New ebb of the mobilization against the pension reform

Posted Apr 6, 2023, 7:32 PMUpdated on Apr 6, 2023, 8:23 PM

“Klaxon”, intimate a sign. Motorists and bus drivers run with a smile while the slogans attached to the social movement against the pension reform are displayed on pieces of cardboard: “16 64 is a beer, not a career”, “You put us a 64, we re-May a 68”.

Joyful atmosphere in front of the Concorcet high school, next to the Saint Lazare station in Paris, for the eleventh meeting given by the unions against the pension reform this Thursday. But Wednesday’s meeting between union leaders and Elisabeth Borne at Matignon, which came to an end after the Prime Minister’s refusal to withdraw the reform, did not cause a surge in mobilization.

Declining attendance

This was relaunched on March 23 by the use of 49.3 to have the reform definitively adopted by the deputies, bringing together 1.1 million demonstrators according to the Ministry of the Interior and 3.5 million according to the CGT. The downward movement reignited on March 28 continued on Thursday. According to the Ministry of the Interior, 570,000 people marched in France. However, this is still higher than the lowest attendance recorded against the pension reform, on February 16, when the police had noted 440,000 demonstrators throughout France.

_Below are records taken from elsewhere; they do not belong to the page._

(* Let $X$ be a nonempty countable set, $\mathcal D$ a distribution on $X$, $m\ge1$, $S\sim\mathcal D^m$, and let $g$ be any random variable on the same probability space as $S$ taking values in a finite nonempty set $G$. For $g_0\in G$ with $\Pr[g=g_0]>0$ let $\mathcal D_{\mathrm{goal}}(g_0)=\mathbb E[\mathrm{Unif}(S)\mid g=g_0]$. Then $$\mathbb E_g\big[d_{\mathrm{TV}}(\mathcal D,\mathcal D_{\mathrm{goal}}(g))\big]\le\sqrt{\frac{\ln|G|}{2m}}.$$
   Context: For a tuple $S=(S_1,\dots,S_m)$, $\mathrm{Unif}(S)$ is the law of $S_i$ for $i$ uniform on $[m]$; $\mathbb E[\mathrm{Unif}(S)\mid g=g_0]$ is the corresponding mixture (law of a uniformly random coordinate of $S$ conditioned on $g=g_0$). $d_{\mathrm{TV}}$ is total variation distance. *)

theory Defs
  imports "HOL-Probability.Probability"
begin

definition dTV :: "'a pmf \<Rightarrow> 'a pmf \<Rightarrow> real" where
  "dTV p q = (SUP A. \<bar>measure_pmf.prob p A - measure_pmf.prob q A\<bar>)"

definition Unif :: "'a list \<Rightarrow> 'a pmf" where
  "Unif S = map_pmf (\<lambda>i. S ! i) (pmf_of_set {..<length S})"

text \<open>J is the joint law of (S, g). D_goal J g0 = E[Unif(S) | g = g0],
  meaningful when Pr[g = g0] > 0.\<close>
definition D_goal :: "('a list \<times> 'g) pmf \<Rightarrow> 'g \<Rightarrow> 'a pmf" where
  "D_goal J g0 = bind_pmf (cond_pmf J {p. snd p = g0}) (\<lambda>p. Unif (fst p))"

end

theory Submission
  imports Defs
begin

text \<open>
  Let \<open>A\<^sub>g = {x. pmf D x < pmf (D_goal J g) x}\<close>. The total variation distance is attained at
  \<open>A\<^sub>g\<close>, and \<open>D_goal J g\<close> is the conditional mean of the empirical measure \<open>Unif S\<close>; hence
  \<open>dTV D (D_goal J g)\<close> is at most the conditional mean of \<open>Unif S A\<^sub>g - D A\<^sub>g\<close>, and so of the
  maximum of these deviations over all \<open>g \<in> G\<close>. Averaging over \<open>g\<close> removes the conditioning,
  leaving the expected maximum of \<open>|G|\<close> deviations of an empirical frequency from its mean
  under \<open>S \<sim> D\<^sup>m\<close>. Each such deviation is a centred binomial frequency, whose moment generating
  function is bounded by Hoeffding's lemma, and the standard maximal inequality for
  sub-Gaussian variables bounds the expected maximum by \<open>sqrt (ln |G| / (2m))\<close>.
\<close>

lemma integrable_measure_pmf_bounded:
  fixes f :: "'a \<Rightarrow> real"
  assumes "\<And>x. \<bar>f x\<bar> \<le> B"
  shows "integrable (measure_pmf M) f"
  by (rule measure_pmf.integrable_const_bound[where B = B]) (auto simp: assms)

lemma expectation_bind_pmf_bounded:
  fixes f :: "'b \<Rightarrow> real"
  assumes "\<And>x. \<bar>f x\<bar> \<le> B"
  shows "measure_pmf.expectation (bind_pmf M N) f =
         measure_pmf.expectation M (\<lambda>x. measure_pmf.expectation (N x) f)"
  unfolding measure_pmf_bind
  by (rule integral_bind[where K = "count_space UNIV" and B = B and B' = 1])
     (use assms in \<open>auto simp: measure_pmf.emeasure_space_1 measure_pmf_in_subprob_algebra\<close>)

In Paris, while transport in the Ile-de-France region was little disturbed, the police counted 57,000 demonstrators, the CGT announcing 400,000. Clashes broke out on the sidelines of the parade with the start of a fire at La Rotonde, the brasserie where Emmanuel Macron had celebrated his qualification for the second round of the presidential election in 2017. But this time again, the slippages were boundaries.

Rate of strikers stable

In the provinces, the crowd was also down with 3,600 people in Orléans, 5,500 people in Le Havre, 8,500 people in Rennes or 15,000 in Nantes and 10,000 in Marseille, according to the authorities. The rates of strikers in the civil service remained in the same waters as on March 28, with at midday 6.5% of civil servants who had stopped working, 3.9% in the territorial and 5.9% in the hospital sector.

The secretary general of the CFDT, Laurent Berger, recognized it: the figures of the mobilization are “not the most important since the beginning” of the social movement which had started very strong, with more than a million demonstrators according to the police on January 19. Participating in her first demonstration as general secretary of the CGT, Sophie Binet, denounced a “bunkerized” government, judging that her “ability to lead the country is called into question”.

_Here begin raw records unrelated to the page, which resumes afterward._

text \<open>For \<open>i < k\<close>, \<open>T\<^sub>k\<^sup>i[w]\<close> is the indicator of the cylinder of admissible \<open>k\<close>-words
  beginning with \<open>a\<^sub>i\<^sub>+\<^sub>1\<cdots>a\<^sub>k\<close>, because \<open>T\<^sub>k\<close> maps the cylinder of \<open>a p\<close> to the cylinder of \<open>p\<close>.
  Every vector of \<open>\<psi>\<^sub>k(V\<^sub>1)\<close> depends only on the first letter. If \<open>a\<^sub>1\<cdots>a\<^sub>i\<^sub>+\<^sub>1\<close>
  determines \<open>w\<close>, splicing \<open>a\<^sub>1\<cdots>a\<^sub>i\<close> in front of any admissible word starting with
  \<open>a\<^sub>i\<^sub>+\<^sub>1\<close> shows that the cylinder is that of \<open>a\<^sub>i\<^sub>+\<^sub>1\<close> alone. If not, another admissible
  word agrees with \<open>w\<close> up to position \<open>i+1\<close>; its tail, extended to length \<open>k\<close> (irreducibility
  gives every symbol a successor), starts with \<open>a\<^sub>i\<^sub>+\<^sub>1\<close> but lies outside the cylinder.\<close>

abbreviation edge :: "('a \<Rightarrow> 'a \<Rightarrow> nat) \<Rightarrow> 'a \<Rightarrow> 'a \<Rightarrow> bool" where
  "edge T x y \<equiv> T y x = 1"

lemma admissible_iff_successively:
  "admissible T k w \<longleftrightarrow> length w = k \<and> successively (edge T) w"
  unfolding admissible_def successively_conv_nth by auto

lemma successively_take: "successively P xs \<Longrightarrow> successively P (take n xs)"
  by (metis append_take_drop_id successively_append_iff)

lemma successively_drop: "successively P xs \<Longrightarrow> successively P (drop n xs)"
  by (metis append_take_drop_id successively_append_iff)

lemma successively_extend:
  assumes "\<And>x. \<exists>y. P x y" "xs \<noteq> []" "successively P xs"
  shows "\<exists>ys. length ys = n \<and> successively P (xs @ ys)"
proof (induction n)
  case 0
  then show ?case using assms(3) by auto
next
  case (Suc n)
  then obtain ys where ys: "length ys = n" "successively P (xs @ ys)" by blast
  obtain y where "P (last (xs @ ys)) y" using assms(1) by blast
  then have "successively P ((xs @ ys) @ [y])"
    using ys assms(2) by (subst successively_append_iff) auto
  then show ?case using ys by (intro exI[of _ "ys @ [y]"]) auto
qed

lemma irreducible_out_edge:
  assumes "irreducible_mat T" "edge T a b"
  shows "\<exists>y. edge T x y"
proof -
  have "(edge T)\<^sup>*\<^sup>* x a" using assms(1) unfolding irreducible_mat_def by blast
  then show ?thesis
    by (cases rule: converse_rtranclpE) (use assms(2) in blast)+
qed

lemma admissible_extension:
  assumes "\<And>x. \<exists>y. edge T x y" "successively (edge T) p" "p \<noteq> []" "length p \<le> k"
  shows "\<exists>u. admissible T k u \<and> take (length p) u = p"
proof -
  obtain e where "length e = k - length p" "successively (edge T) (p @ e)"
    using successively_extend[OF assms(1,3,2)] by blast
  then show ?thesis
    using assms(4) by (intro exI[of _ "p @ e"]) (simp add: admissible_iff_successively)
qed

The image of trade unions restored

The time is in any case not to put away the banners when the Constitutional Council must decide on April 14 on the pension reform. The inter-union decided on a twelfth day of strikes and demonstrations the day before, Thursday April 13.

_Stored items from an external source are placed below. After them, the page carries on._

lemma borel_Sigma_UN:
  fixes A :: "nat \<Rightarrow> 'a::topological_space set"
  assumes "\<not> ord_zero \<alpha>" and A: "\<And>i. borel_Sigma \<alpha> (A i)"
  shows "borel_Sigma \<alpha> (\<Union>i. A i)"
proof (cases "ord_one \<alpha>")
  case True
  have "open (A i)" for i
    using A[of i]
  proof cases
    case Sigma_step
    then show ?thesis using True by simp
  qed simp
  then show ?thesis by (intro Sigma_one[OF True] open_UN) simp
next
  case False
  have "\<forall>i. \<exists>B. A i = (\<Union>j::nat. B j) \<and> (\<forall>j. \<exists>\<beta><\<alpha>. borel_Sigma \<beta> (- B j))"
  proof
    fix i
    show "\<exists>B. A i = (\<Union>j::nat. B j) \<and> (\<forall>j. \<exists>\<beta><\<alpha>. borel_Sigma \<beta> (- B j))"
      using A[of i] False by cases auto
  qed
  then obtain B :: "nat \<Rightarrow> nat \<Rightarrow> 'a set"
    where B: "\<forall>i. A i = (\<Union>j. B i j) \<and> (\<forall>j. \<exists>\<beta><\<alpha>. borel_Sigma \<beta> (- B i j))"
    by metis
  then have "(\<Union>i. A i) = (\<Union>p. case_prod B p)"
    by auto
  also have "\<dots> = (\<Union>m. case_prod B (prod_decode m))"
    by (metis image_image surj_prod_decode)
  also have "borel_Sigma \<alpha> \<dots>"
    using assms(1) False B by (intro Sigma_step) (auto split: prod.split)
  finally show ?thesis .
qed

lemma borel_Sigma_UN_countable:
  assumes "\<not> ord_zero \<alpha>" "countable I" "\<And>i. i \<in> I \<Longrightarrow> borel_Sigma \<alpha> (A i)"
  shows "borel_Sigma \<alpha> (\<Union>i\<in>I. A i)"
proof (cases "I = {}")
  case True
  then show ?thesis using borel_Sigma_empty[OF assms(1)] by simp
next
  case False
  then have "(\<Union>i\<in>I. A i) = (\<Union>n. A (from_nat_into I n))"
    using range_from_nat_into[OF False assms(2)] by (metis image_image)
  also have "borel_Sigma \<alpha> \<dots>"
    using assms False by (intro borel_Sigma_UN) (auto intro: from_nat_into)
  finally show ?thesis .
qed

lemma baire_class_continuous:
  assumes "continuous_on UNIV g"
  shows "baire_class \<delta> g"
proof (cases "ord_zero \<delta>")
  case True
  then show ?thesis using assms by (rule baire_zero)
next
  case False
  then obtain z where "z < \<delta>" "ord_zero z"
    by (rule ex_ord_zero_less)
  moreover have "baire_class z g"
    using \<open>ord_zero z\<close> assms by (rule baire_zero)
  ultimately show ?thesis
    using False by (intro baire_step[of _ "\<lambda>n. g"]) auto
qed

lemma baire_class_mono:
  assumes "baire_class \<gamma> g" "\<gamma> \<le> \<delta>"
  shows "baire_class \<delta> g"
proof (cases "\<gamma> = \<delta>")
  case False
  then have "\<gamma> < \<delta>" using assms(2) by simp
  then show ?thesis
    using assms(1) not_ord_zero_if_less by (intro baire_step[of _ "\<lambda>n. g"]) auto
qed (use assms in simp)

Will there be a new jump? It is already established that the social movement will have restored the image of the unions. While they remain skeptical about their ability to move the lines, 52% of French people believe that trade unions are an “element of dialogue in society”, with a clear premium for unity, according to an Elabe poll for “Les Echos” and the Institut Montaigne published this Thursday.

In a reverse movement, the Head of State’s confidence rating lost 7 points in April in the Elabe barometer for “Les Echos”. Its biggest drop since entering the Elysée Palace. The Prime Minister follows the same trend: in April, her confidence rating lost 4 points, to 22%. Since the entry of Emmanuel Macron at the Elysée, the tenant of Matignon had never fallen so low. Elisabeth Borne wants in any case to show that she remains in the action. She will be in Aveyron on Friday for a trip on the theme of health.

“Building a consensus” is necessary, according to the boss of the IMF

The managing director of the International Monetary Fund (IMF), Kristalina Georgieva, considered Thursday “inevitable” a pension reform in France but this requires according to her to “build a consensus”. For her, “the only way for States to act is to prove relentlessly what this type of reform can bring to everyone, to ensure that it is followed by all and to build a consensus within society”, said she said in an interview with AFP.